Вернувшись в дядин дом, я услышал, что Джай еще на террасе и говорит по телефону, его тень двигалась по бетонной стене. Вот он появился, потирая ладонью то ли шею, то ли затылок. Я прошел к себе и вытащил рюкзак, в котором звякали пустые бутылки из-под «Бэгпайпера». Там и на половину пластикового стаканчика не набралось бы. Я услышал, как по лестнице спускается Джай.
— Как родители? — спросил он, пока я застегивал рюкзак и задвигал обратно под кровать. Дядя выглядел радостно и явно был полон нетерпения.

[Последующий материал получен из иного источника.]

lemma growth_of_strongly_subregular_subdiff:
  fixes f :: "'a::real_normed_vector \<Rightarrow> ereal"
  assumes f: "proper_fun f" "0 \<in> subdiff f xbar"
    and pq: "p > 1" "q > 1" "1 / p + 1 / q = 1"
    and regular: "strongly_subregular (subdiff f) xbar (q / p) \<alpha> \<kappa>"
    and x: "x \<in> (\<lambda>z. xbar + (2 * \<kappa>) *\<^sub>R z) ` dual_map_inv p (closure (\<Union>y\<in>ecball xbar \<alpha>. subdiff f y))"
  shows "f xbar + ereal (1 / (2 * (2 * \<kappa>) powr (p / q)) * norm (x - xbar) powr p) \<le> f x"
proof -
  note exponents = conjugate_exponents[OF pq]
  have "\<kappa> > 0"
    using regular unfolding strongly_subregular_def by simp
  obtain z \<xi> where z: "x = xbar + (2 * \<kappa>) *\<^sub>R z" and "\<xi> \<in> dual_map p z"
    and \<xi>: "\<xi> \<in> closure (\<Union>y\<in>ecball xbar \<alpha>. subdiff f y)"
    using x unfolding dual_map_inv_def by blast
  have "(\<Union>y\<in>ecball xbar \<alpha>. subdiff f y)
      \<subseteq> localized_subgradients f xbar \<kappa> (q - 1)"
    using strongly_subregular_le[OF regular] exponents(2) pq
    unfolding localized_subgradients_def by fastforce
  then have "\<xi> \<in> closure (localized_subgradients f xbar \<kappa> (q - 1))"
    using \<xi> closure_mono by blast
  then have "f xbar + ereal (blinfun_apply \<xi> (x - xbar) - \<kappa> * norm \<xi> powr q) \<le> f x"
    using subgradient_lower_bound_closure[OF f] pq(2) \<open>\<kappa> > 0\<close> by simp
  moreover have "blinfun_apply \<xi> (x - xbar) - \<kappa> * norm \<xi> powr q = \<kappa> * norm z powr p"
    using dual_map_apply_self[OF \<open>\<xi> \<in> dual_map p z\<close> pq] unfolding z
    by (simp add: blinfun.scaleR_right)
  moreover have "1 / (2 * (2 * \<kappa>) powr (p / q)) * norm (x - xbar) powr p = \<kappa> * norm z powr p"
    using \<open>\<kappa> > 0\<close> mult_powr_minus_one[of "2 * \<kappa>" p] unfolding z exponents(1)
    by (simp add: powr_mult field_simps)
  ultimately show ?thesis
    by simp
qed

theorem theorem4p1:
  fixes f :: "'a::real_normed_vector \<Rightarrow> ereal" and xbar :: 'a and p q :: real
  assumes "proper_fun f"
    and "0 \<in> subdiff f xbar"
    and "p > 1" and "q > 1" and "1 / p + 1 / q = 1"
  shows
    "(\<forall>(\<beta>::ereal) (\<kappa>::real) (W :: ('a \<Rightarrow>\<^sub>L real) set).
        \<beta> > 0 \<and> \<kappa> > 0 \<and> W \<subseteq> ecball 0 \<beta> \<and> ecball 0 \<beta> \<subseteq> closure W \<and>
        (\<forall>\<xi>\<in>W. \<exists>x. \<xi> \<in> subdiff f x \<and> norm (x - xbar) \<le> \<kappa> * norm \<xi> powr (q / p))
      \<longrightarrow> (\<forall>\<delta>::real. \<delta> > 0 \<longrightarrow>
            (\<forall>x\<in>ecball xbar (ereal \<delta>).
               f x \<ge> f xbar + ereal (1 / 2 *
                  (case \<beta> of ereal b \<Rightarrow> min (b / \<delta> powr (p / q)) (1 / (2 * \<kappa>) powr (p / q))
                           | _ \<Rightarrow> 1 / (2 * \<kappa>) powr (p / q))
                  * norm (x - xbar) powr p))))
     \<and>
     (\<forall>(\<alpha>::ereal) (\<kappa>::real).
        strongly_subregular (subdiff f) xbar (q / p) \<alpha> \<kappa>
      \<longrightarrow> (\<forall>x \<in> (\<lambda>z. xbar + (2 * \<kappa>) *\<^sub>R z) `
                   dual_map_inv p (closure (\<Union>y\<in>ecball xbar \<alpha>. subdiff f y)).
            f x \<ge> f xbar + ereal (1 / (2 * (2 * \<kappa>) powr (p / q)) * norm (x - xbar) powr p)))"
  using growth_of_dense_localized_subgradients[OF assms] growth_of_strongly_subregular_subdiff[OF assms]
  by blast

end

— Хорошо. Все в порядке. Я бы хотел перекусить.
— В холодильнике что-то морковное, положи себе. Выглядишь получше.
— Прости, что заставил поволноваться, дядя. И спасибо, что позаботился обо мне.
Он отмахнулся от моей благодарности: ничего он такого не сделал, только дал кров, пока я боролся с лихорадкой.

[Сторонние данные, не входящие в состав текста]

lemma core_dual_Rn:
  assumes RU: "R \<subseteq> U \<times> U" and xU: "x \<in> U" and w: "w \<in> core U R x"
  shows "core_dual U R (Rn R x) = Rn (converse R) w"
proof -
  let ?P = "\<lambda>w. \<exists>x'\<in>U. Rn R x = Rn R x' \<and> w \<in> core U R x'"
  have "?P w" using xU w by blast
  then have "?P (SOME w. ?P w)" by (rule someI)
  then obtain x' where x': "x' \<in> U" "Rn R x = Rn R x'" "(SOME w. ?P w) \<in> core U R x'" by blast
  have "Rn (converse R) (SOME w. ?P w) \<subseteq> Rn (converse R) w"
    using Rn_subset_iff_core_Rn_converse_subset[OF RU w x'(3) x'(1)] x'(2) by simp
  moreover have "Rn (converse R) w \<subseteq> Rn (converse R) (SOME w. ?P w)"
    using Rn_subset_iff_core_Rn_converse_subset[OF RU x'(3) w xU] x'(2) by simp
  ultimately show ?thesis unfolding core_dual_def by blast
qed

lemma Jp_famV_obtain_core:
  assumes "R \<subseteq> U \<times> U" "p \<in> Jp (famV U R)"
  obtains x w where "x \<in> U" "p = Rn R x" "w \<in> core U R x"
proof -
  obtain x where x: "x \<in> U" "p = Rn R x" using Jp_famV_obtain_Rn[OF assms] .
  with assms have "core U R x \<noteq> {}" using core_nonempty_if_Rn_in_Jp by simp
  then obtain w where "w \<in> core U R x" by blast
  with x show thesis by (rule that)
qed

lemma core_dual_in_Jp_converse:
  assumes RU: "R \<subseteq> U \<times> U" and p: "p \<in> Jp (famV U R)"
  shows "core_dual U R p \<in> Jp (famV U (converse R))"
proof -
  obtain x w where x: "x \<in> U" "p = Rn R x" and w: "w \<in> core U R x"
    using Jp_famV_obtain_core[OF RU p] .
  have "converse R \<subseteq> U \<times> U" using RU by auto
  from Rn_in_Jp_if_core_nonempty[OF this core_in_U[OF RU w] in_core_converse[OF RU w]]
  show ?thesis using core_dual_Rn[OF RU x(1) w] x(2) by simp
qed

lemma core_dual_converse_core_dual:
  assumes RU: "R \<subseteq> U \<times> U" and p: "p \<in> Jp (famV U R)"
  shows "core_dual U (converse R) (core_dual U R p) = p"
proof -
  obtain x w where x: "x \<in> U" "p = Rn R x" and w: "w \<in> core U R x"
    using Jp_famV_obtain_core[OF RU p] .
  have "converse R \<subseteq> U \<times> U" using RU by auto
  from core_dual_Rn[OF this core_in_U[OF RU w] in_core_converse[OF RU w]]
  show ?thesis using core_dual_Rn[OF RU x(1) w] x(2) by simp
qed

lemma bij_betw_core_dual:
  assumes RU: "R \<subseteq> U \<times> U"
  shows "bij_betw (core_dual U R) (Jp (famV U R)) (Jp (famV U (converse R)))"
proof (rule bij_betw_byWitness[where f' = "core_dual U (converse R)"])
  have R'U: "converse R \<subseteq> U \<times> U" using RU by auto
  show "\<forall>p\<in>Jp (famV U R). core_dual U (converse R) (core_dual U R p) = p"
    using core_dual_converse_core_dual[OF RU] by blast
  show "\<forall>q\<in>Jp (famV U (converse R)). core_dual U R (core_dual U (converse R) q) = q"
    using core_dual_converse_core_dual[OF R'U] by simp
  show "core_dual U R ` Jp (famV U R) \<subseteq> Jp (famV U (converse R))"
    using core_dual_in_Jp_converse[OF RU] by blast
  show "core_dual U (converse R) ` Jp (famV U (converse R)) \<subseteq> Jp (famV U R)"
    using core_dual_in_Jp_converse[OF R'U] by auto
qed

lemma core_dual_antimono_iff:
  assumes RU: "R \<subseteq> U \<times> U" and p: "p \<in> Jp (famV U R)" and p': "p' \<in> Jp (famV U R)"
  shows "p \<subseteq> p' \<longleftrightarrow> core_dual U R p' \<subseteq> core_dual U R p"
proof -
  obtain x w where x: "x \<in> U" "p = Rn R x" and w: "w \<in> core U R x"
    using Jp_famV_obtain_core[OF RU p] .
  obtain x' w' where x': "x' \<in> U" "p' = Rn R x'" and w': "w' \<in> core U R x'"
    using Jp_famV_obtain_core[OF RU p'] .
  show ?thesis
    using Rn_subset_iff_core_Rn_converse_subset[OF RU w w' x'(1)]
      core_dual_Rn[OF RU x(1) w] core_dual_Rn[OF RU x'(1) w'] x(2) x'(2) by simp
qed

theorem mainTheorem9:
  fixes U :: "'a set" and R :: "('a \<times> 'a) set"
  assumes "R \<subseteq> U \<times> U"
  shows "\<exists>\<phi> \<psi>.
     (\<forall>p\<in>Jp (famV U R). \<exists>x\<in>U. p = Rn R x \<and> core U R x \<noteq> {}) \<and>
     (\<forall>q\<in>Jp (famB U R). \<exists>y\<in>U. q = Rn (converse R) y \<and> core U (converse R) y \<noteq> {}) \<and>
     (\<forall>x\<in>U. \<forall>w. Rn R x \<in> Jp (famV U R) \<longrightarrow> w \<in> core U R x \<longrightarrow>
          \<phi> (Rn R x) = Rn (converse R) w) \<and>
     (\<forall>y\<in>U. \<forall>w. Rn (converse R) y \<in> Jp (famB U R) \<longrightarrow> w \<in> core U (converse R) y \<longrightarrow>
          \<psi> (Rn (converse R) y) = Rn R w) \<and>
     bij_betw \<phi> (Jp (famV U R)) (Jp (famB U R)) \<and>
     bij_betw \<psi> (Jp (famB U R)) (Jp (famV U R)) \<and>
     (\<forall>p\<in>Jp (famV U R). \<psi> (\<phi> p) = p) \<and>
     (\<forall>q\<in>Jp (famB U R). \<phi> (\<psi> q) = q) \<and>
     (\<forall>p\<in>Jp (famV U R). \<forall>p'\<in>Jp (famV U R). p \<subseteq> p' \<longleftrightarrow> \<phi> p' \<subseteq> \<phi> p) \<and>
     (\<forall>q\<in>Jp (famB U R). \<forall>q'\<in>Jp (famB U R). q \<subseteq> q' \<longleftrightarrow> \<psi> q' \<subseteq> \<psi> q)"
proof -
  let ?R' = "converse R"
  have R'U: "?R' \<subseteq> U \<times> U" using assms by auto
  have rep: "\<forall>p\<in>Jp (famV U R). \<exists>x\<in>U. p = Rn R x \<and> core U R x \<noteq> {}"
    "\<forall>q\<in>Jp (famV U ?R'). \<exists>y\<in>U. q = Rn ?R' y \<and> core U ?R' y \<noteq> {}"
    by (simp_all add: Jp_famV_eq[OF assms] Jp_famV_eq[OF R'U]) blast+
  have val: "\<forall>x\<in>U. \<forall>w. Rn R x \<in> Jp (famV U R) \<longrightarrow> w \<in> core U R x \<longrightarrow>
      core_dual U R (Rn R x) = Rn ?R' w"
    "\<forall>y\<in>U. \<forall>w. Rn ?R' y \<in> Jp (famV U ?R') \<longrightarrow> w \<in> core U ?R' y \<longrightarrow>
      core_dual U ?R' (Rn ?R' y) = Rn R w"
    using core_dual_Rn[OF assms] core_dual_Rn[OF R'U] by simp_all
  have inv: "\<forall>p\<in>Jp (famV U R). core_dual U ?R' (core_dual U R p) = p"
    "\<forall>q\<in>Jp (famV U ?R'). core_dual U R (core_dual U ?R' q) = q"
    using core_dual_converse_core_dual[OF assms] core_dual_converse_core_dual[OF R'U] by simp_all
  have bij: "bij_betw (core_dual U R) (Jp (famV U R)) (Jp (famV U ?R'))"
    "bij_betw (core_dual U ?R') (Jp (famV U ?R')) (Jp (famV U R))"
    using bij_betw_core_dual[OF assms] bij_betw_core_dual[OF R'U] by simp_all
  have anti: "\<forall>p\<in>Jp (famV U R). \<forall>p'\<in>Jp (famV U R).
      p \<subseteq> p' \<longleftrightarrow> core_dual U R p' \<subseteq> core_dual U R p"
    "\<forall>q\<in>Jp (famV U ?R'). \<forall>q'\<in>Jp (famV U ?R').
      q \<subseteq> q' \<longleftrightarrow> core_dual U ?R' q' \<subseteq> core_dual U ?R' q"
    using core_dual_antimono_iff[OF assms] core_dual_antimono_iff[OF R'U] by blast+
  show ?thesis unfolding famB_eq_famV_converse
    by (intro exI[of _ "core_dual U R"] exI[of _ "core_dual U ?R'"] conjI)
      (fact rep val bij inv anti)+
qed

— А мне нужно сбегать в контору, а потом встретиться с клиентом в Капуртхале. Наконец-то стоящее дело!
Он вывернул запястье и посмотрел на часы.
— Твоя тетя ушла за покупками…
Я ничего не сказал. Мне не хотелось присматривать за Соной, хотя я знал, что нужно. А хотелось мне в винный.

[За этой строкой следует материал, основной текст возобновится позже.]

(* Let $(\Omega,\mathcal F,\mathbb P)$ be nonatomic, $X$ a bounded random vector in $\mathbb R^N$ with $\mathbb E(X)=0$, and $Y$ a bounded real random variable. Then the value of $$\sup\{\mathbb E(VY):\ \mathrm{Law}(V)=\mathrm{uniform}([0,1]),\ \mathbb E(X\mid V)=0\}$$ coincides with the value of $$\sup\Big\{\mathbb E\Big(\int_0^1U_tY\,dt\Big):\ t\mapsto U_t\text{ nonincreasing},\ U_t\in\{0,1\},\ \mathbb E(U_t)=1-t,\ \mathbb E(U_tX)=0\ \text{for all }t\in[0,1]\Big\},$$ where the second supremum is over jointly measurable families $(U_t)_{t\in[0,1]}$ of random variables. *)

theory Defs
  imports "HOL-Probability.Probability"
begin

definition nonatomic :: "'a measure \<Rightarrow> bool" where
  "nonatomic M \<longleftrightarrow> (\<forall>A\<in>sets M. measure M A > 0 \<longrightarrow>
      (\<exists>B\<in>sets M. B \<subseteq> A \<and> 0 < measure M B \<and> measure M B < measure M A))"

end

theory Submission
  imports Defs
begin

text \<open>The two suprema range over sets that correspond to each other with equal objective values.
A uniform \<open>V\<close> yields the decreasing indicator family \<open>U\<^sub>t = 1{t < V}\<close>, and a family
\<open>U\<close> yields back \<open>V = \<integral>\<^sub>0\<^sup>1 U\<^sub>t dt\<close>; in both cases \<open>\<integral>\<^sub>0\<^sup>1 U\<^sub>t Y dt = V Y\<close> almost surely.
For a family \<open>U\<close>, the event \<open>{V \<le> t}\<close> agrees almost surely with \<open>{U\<^sub>t = 0}\<close>, which has
probability \<open>t\<close>; so \<open>V\<close> is uniform, and \<open>E(X; V \<le> t) = E X - E(U\<^sub>t X) = 0\<close> for all \<open>t\<close>,
which by a Dynkin argument gives \<open>E(X | V) = 0\<close>. Conversely \<open>E(U\<^sub>t X) = E(E(X | V); V > t) = 0\<close>.\<close>

lemma interval_integral_01_indicator_less:
  "(LBINT t=0..1. (if t < v then 1 else 0 :: real)) = max 0 (min v 1)"
proof -
  have "(LBINT t=0..1. (if t < v then 1 else 0 :: real)) = (LINT t:{0<..<1}|lborel. if t < v then 1 else 0)"
    by (subst interval_integral_Ioo) auto
  also have "\<dots> = integral\<^sup>L lborel (indicator {0<..<min v 1})"
    unfolding set_lebesgue_integral_def
    by (rule Bochner_Integration.integral_cong) (auto simp: indicator_def)
  finally show ?thesis by (cases "0 \<le> min v 1") auto
qed

lemma interval_integral_mono:
  fixes f g :: "real \<Rightarrow> real" and a b :: ereal
  assumes "a \<le> b" "interval_lebesgue_integrable lborel a b f" "interval_lebesgue_integrable lborel a b g"
    and "\<And>t. a < t \<Longrightarrow> t < b \<Longrightarrow> f t \<le> g t"
  shows "(LBINT t=a..b. f t) \<le> (LBINT t=a..b. g t)"
  using assms
  by (auto simp: interval_lebesgue_integral_def interval_lebesgue_integrable_def einterval_iff
      intro!: set_integral_mono)

lemma interval_integrable_bounded:
  fixes f :: "real \<Rightarrow> real"
  assumes "a \<le> b" and "f \<in> borel_measurable (restrict_space lborel {a..b})"
    and "\<And>t. t \<in> {a..b} \<Longrightarrow> \<bar>f t\<bar> \<le> C"
  shows "interval_lebesgue_integrable lborel a b f"
proof -
  interpret finite_measure "restrict_space lborel {a..b}"
    by (rule finite_measureI) (simp add: space_restrict_space emeasure_restrict_space emeasure_lborel_Icc_eq)
  have "integrable (restrict_space lborel {a..b}) f"
    by (rule integrable_const_bound[where B=C]) (auto simp: space_restrict_space assms)
  then have "set_integrable lborel {a..b} f"
    unfolding set_integrable_def by (subst integrable_restrict_space[symmetric]) auto
  then show ?thesis
    unfolding interval_lebesgue_integrable_def using \<open>a \<le> b\<close>
    by (auto intro: set_integrable_subset)
qed

lemma interval_integral_decreasing_indicator_bounds:
  fixes u :: "real \<Rightarrow> real"
  assumes meas: "u \<in> borel_measurable (restrict_space lborel {0..1})"
    and vals: "\<And>t. t \<in> {0..1} \<Longrightarrow> u t \<in> {0, 1}"
    and mono: "\<And>s t. s \<in> {0..1} \<Longrightarrow> t \<in> {0..1} \<Longrightarrow> s \<le> t \<Longrightarrow> u t \<le> u s"
  shows "0 \<le> (LBINT s=0..1. u s)" and "(LBINT s=0..1. u s) \<le> 1"
    and "t \<in> {0..1} \<Longrightarrow> u t = 1 \<Longrightarrow> t \<le> (LBINT s=0..1. u s)"
    and "t \<in> {0..1} \<Longrightarrow> u t = 0 \<Longrightarrow> (LBINT s=0..1. u s) \<le> t"
proof -
  let ?step = "\<lambda>v s. if s < v then 1 else 0 :: real"
  \<comment> \<open>The bounds of \<open>LBINT s=0..1\<close> are the numerals \<open>0, 1 :: ereal\<close>, not \<open>ereal 0, ereal 1\<close>.\<close>
  have int_u: "interval_lebesgue_integrable lborel 0 1 u"
    using interval_integrable_bounded[OF _ meas, of 1, unfolded zero_ereal_def[symmetric] one_ereal_def[symmetric]] vals
    by force
  have int_step: "interval_lebesgue_integrable lborel 0 1 (?step v)" for v
    using interval_integrable_bounded[of 0 1 "?step v" 1, unfolded zero_ereal_def[symmetric] one_ereal_def[symmetric]]
    by (simp add: measurable_restrict_space1)
  have step_le: "v \<le> (LBINT s=0..1. u s)"
    if "v \<in> {0..1}" "\<And>s. 0 < s \<Longrightarrow> s < 1 \<Longrightarrow> ?step v s \<le> u s" for v
  proof -
    have "v = (LBINT s=0..1. ?step v s)" using that interval_integral_01_indicator_less[of v] by simp
    also have "\<dots> \<le> (LBINT s=0..1. u s)"
      by (rule interval_integral_mono[OF _ int_step int_u]) (use that in auto)
    finally show ?thesis .
  qed
  have le_step: "(LBINT s=0..1. u s) \<le> v"
    if "v \<in> {0..1}" "\<And>s. 0 < s \<Longrightarrow> s < 1 \<Longrightarrow> u s \<le> ?step v s" for v
  proof -
    have "(LBINT s=0..1. u s) \<le> (LBINT s=0..1. ?step v s)"
      by (rule interval_integral_mono[OF _ int_u int_step]) (use that in auto)
    also have "\<dots> = v" using that interval_integral_01_indicator_less[of v] by simp
    finally show ?thesis .
  qed
  have u01: "0 \<le> u s" "u s \<le> 1" if "0 < s" "s < 1" for s
    using vals[of s] that by auto
  show "0 \<le> (LBINT s=0..1. u s)"
    by (rule step_le) (auto simp: u01)
  show "(LBINT s=0..1. u s) \<le> 1"
    by (rule le_step) (auto simp: u01)
  show "t \<le> (LBINT s=0..1. u s)" if "t \<in> {0..1}" "u t = 1"
    by (rule step_le) (use that mono[of _ t] in \<open>auto simp: u01\<close>)
  show "(LBINT s=0..1. u s) \<le> t" if "t \<in> {0..1}" "u t = 0"
    by (rule le_step) (use that mono[of t] in \<open>auto simp: u01\<close>)
qed

lemma borel_measurable_interval_integral_parametric:
  fixes f :: "real \<Rightarrow> 'b \<Rightarrow> real"
  assumes "a \<le> b" and f: "(\<lambda>(t, x). f t x) \<in> borel_measurable (restrict_space lborel {a..b} \<Otimes>\<^sub>M N)"
  shows "(\<lambda>x. LBINT t=a..b. f t x) \<in> borel_measurable N"
proof -
  interpret sigma_finite_measure "restrict_space lborel {a..b}"
    by (rule sigma_finite_measure_restrict_space) (auto intro: sigma_finite_lborel)
  have "(LBINT t=a..b. f t x) = (\<integral>t. indicator {a<..<b} t * f t x \<partial>restrict_space lborel {a..b})" for x
    using \<open>a \<le> b\<close>
    by (auto simp: interval_lebesgue_integral_le_eq set_lebesgue_integral_def integral_restrict_space
        indicator_def intro!: Bochner_Integration.integral_cong)
  moreover have "(\<lambda>(x, t). indicator {a<..<b} t * f t x)
      \<in> borel_measurable (N \<Otimes>\<^sub>M restrict_space lborel {a..b})"
  proof -
    have "(indicator {a<..<b} :: real \<Rightarrow> real) \<in> borel_measurable (restrict_space lborel {a..b})"
      by (rule measurable_restrict_space1) simp
    moreover have "(\<lambda>(x, t). f t x) \<in> borel_measurable (N \<Otimes>\<^sub>M restrict_space lborel {a..b})"
      using measurable_compose[OF measurable_pair_swap' f] by (simp add: case_prod_beta)
    ultimately show ?thesis
      by (simp add: case_prod_beta)
  qed
  ultimately show ?thesis
    by (simp add: borel_measurable_lebesgue_integral)
qed

lemma integrable_vec_nth:
  fixes F :: "'a \<Rightarrow> real ^ 'n"
  shows "integrable M F \<Longrightarrow> integrable M (\<lambda>x. F x $ i)"
  using integrable_bounded_linear[OF bounded_linear_vec_nth] .

lemma integral_vec_nth:
  fixes F :: "'a \<Rightarrow> real ^ 'n"
  assumes "integrable M F"
  shows "(\<integral>x. F x \<partial>M) $ i = (\<integral>x. F x $ i \<partial>M)"
  using integral_bounded_linear[OF bounded_linear_vec_nth assms, of i] by simp

lemma set_integral_vimage_eq_0_atMost:
  fixes V :: "'a \<Rightarrow> real" and f :: "'a \<Rightarrow> real"
  assumes V: "V \<in> borel_measurable M" and f: "integrable M f" and "(\<integral>x. f x \<partial>M) = 0"
    and atMost: "\<And>a. (LINT x:V -` {..a} \<inter> space M|M. f x) = 0"
    and B: "B \<in> sets borel"
  shows "(LINT x:V -` B \<inter> space M|M. f x) = 0"
proof -
  have sets_V: "V -` A \<inter> space M \<in> sets M" if "A \<in> sets borel" for A
    using measurable_sets[OF V that] .
  have int_V: "set_integrable M (V -` A \<inter> space M) f" if "A \<in> sets borel" for A
    unfolding set_integrable_def by (rule integrable_mult_indicator[OF sets_V[OF that] f])
  have "Int_stable (range (atMost :: real \<Rightarrow> real set))"
    by (auto simp: Int_stable_def)
  moreover have "range (atMost :: real \<Rightarrow> real set) \<subseteq> Pow UNIV" by simp
  moreover have "B \<in> sigma_sets UNIV (range atMost)"
    using B by (simp add: borel_eq_atMost)
  ultimately show ?thesis
  proof (induction B rule: sigma_sets_induct_disjoint)
    case (basic A)
    then show ?case using atMost by auto
  next
    case empty
    then show ?case by (simp add: set_lebesgue_integral_def)
  next
    case (compl A)
    have A: "A \<in> sets borel" using compl(1) by (simp add: borel_eq_atMost)
    then have A': "UNIV - A \<in> sets borel" by (metis sets.compl_sets space_borel)
    let ?S = "V -` A \<inter> space M"
    have compl_S: "V -` (UNIV - A) \<inter> space M = space M - ?S" by auto
    have "(LINT x:?S|M. f x) + (LINT x:space M - ?S|M. f x) = (LINT x:?S \<union> (space M - ?S)|M. f x)"
      by (rule set_integral_Un[symmetric]) (use int_V[OF A] int_V[OF A'] compl_S in auto)
    also have "?S \<union> (space M - ?S) = space M" by auto
    also have "(LINT x:space M|M. f x) = 0"
      using set_integral_space[OF f] \<open>(\<integral>x. f x \<partial>M) = 0\<close> by simp
    finally show ?case using compl(2) compl_S by simp
  next
    case (union A)
    have A: "A j \<in> sets borel" for j
      using union(2) by (auto simp: borel_eq_atMost)
    then have "(\<Union>j. A j) \<in> sets borel" by blast
    moreover have UN_V: "V -` (\<Union>j. A j) \<inter> space M = (\<Union>j. V -` A j \<inter> space M)" by auto
    ultimately have "set_integrable M (\<Union>j. V -` A j \<inter> space M) f"
      using int_V by metis
    then have "(LINT x:(\<Union>j. V -` A j \<inter> space M)|M. f x) = (\<Sum>j. LINT x:V -` A j \<inter> space M|M. f x)"
      using union(1) sets_V A
      by (intro lebesgue_integral_countable_add) (auto simp: disjoint_family_on_def)
    then show ?case using union(3) UN_V by simp
  qed
qed

context finite_measure
begin

lemma finite_measure_subalgebra_vimage:
  assumes "V \<in> measurable M N"
  shows "finite_measure_subalgebra M (vimage_algebra (space M) V N)"
  by unfold_locales (use assms in \<open>auto simp: subalgebra_def sets_vimage_algebra2 measurable_space\<close>)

— Вернется через минуту-другую наверняка. Просто посидишь с ним?
— Конечно, — улыбнулся я.
— Уверен? — теперь уже в его голосе появилось сомнение, и я взял себя в руки.
— Да все будет в порядке.
Проводив его до ворот, я взобрался по лестнице, с пятки на носок, с пятки на носок, вздрагивая при каждом шаге, и отыскал своего брата. Он валялся на огромной кровати в гостиной, погруженный в просмотр «Скуби-Ду» на хинди. Штанины его камуфляжных шортов шевелил ветерок от вентилятора.
Я сел на край кровати, такой высокой, что даже я мог болтать ногами, и начал нетерпеливо, беспокойно постукивать пятками. Вернется через минуту-другую. Через минуту-другую. Через минуту. Другую. Но не вернулась.
— Не стучи, — сказал Сона, не отрывая глаз от экрана.
Я извинился и подтянул колени к подбородку, аккуратно подсунув ступни под себя. В суставах выстрелила боль, как на прошлой неделе, и я тут же вскочил.
— Пошли гулять.
Я пообещал прокатить его на закорках, но через пару минут он сделался тяжелый, как лошадь, и я уговорил его слезть и пойти своими ногами. Он не был толстым мальчиком, вовсе нет, просто у меня не осталось сил. Базар оглушил и запутал, и Сона взял меня за руку, пока я прокладывал путь. Он ничего не говорил. Довольно замкнутый ребенок — наверное, это было неизбежно, в несчастливом-то доме. На выходе с базара на нас обрушилась свирепая жара; солнце с размаху било в белый купол сикхского храма. Острые осколки света причиняли мне боль. От асфальта поднимались клочья пара.
— Сюда, — сказал я и потянул Сону к занесенной песком обочине.
— Мы уже пришли?
— Да, да, — говорил я, хотя идти оставалось еще несколько минут. Всем винным магазинам было приказано держаться на окраине деревни, подальше от приличных людей.
На месте я усадил Сону на бетонную ступеньку у стены, в узкой полосе тени, и пообещал на обратном пути мороженое. Я подошел к зарешеченному окну, за которым стоял владелец — в майке-сетке и слепой на один глаз, никогда не забуду. Глазное яблоко было совершенно белое, с отливом, не считая двух красноватых прожилок крест-накрест, напоминавших прицел. Я попросил у него полстакана самого дешевого спиртного, и он протянул мою порцию через оконце. Жидкость пахла уксусом, а на вкус была и того хуже, но притупила мои обостренные чувства и приструнила разбежавшийся дерганый ум.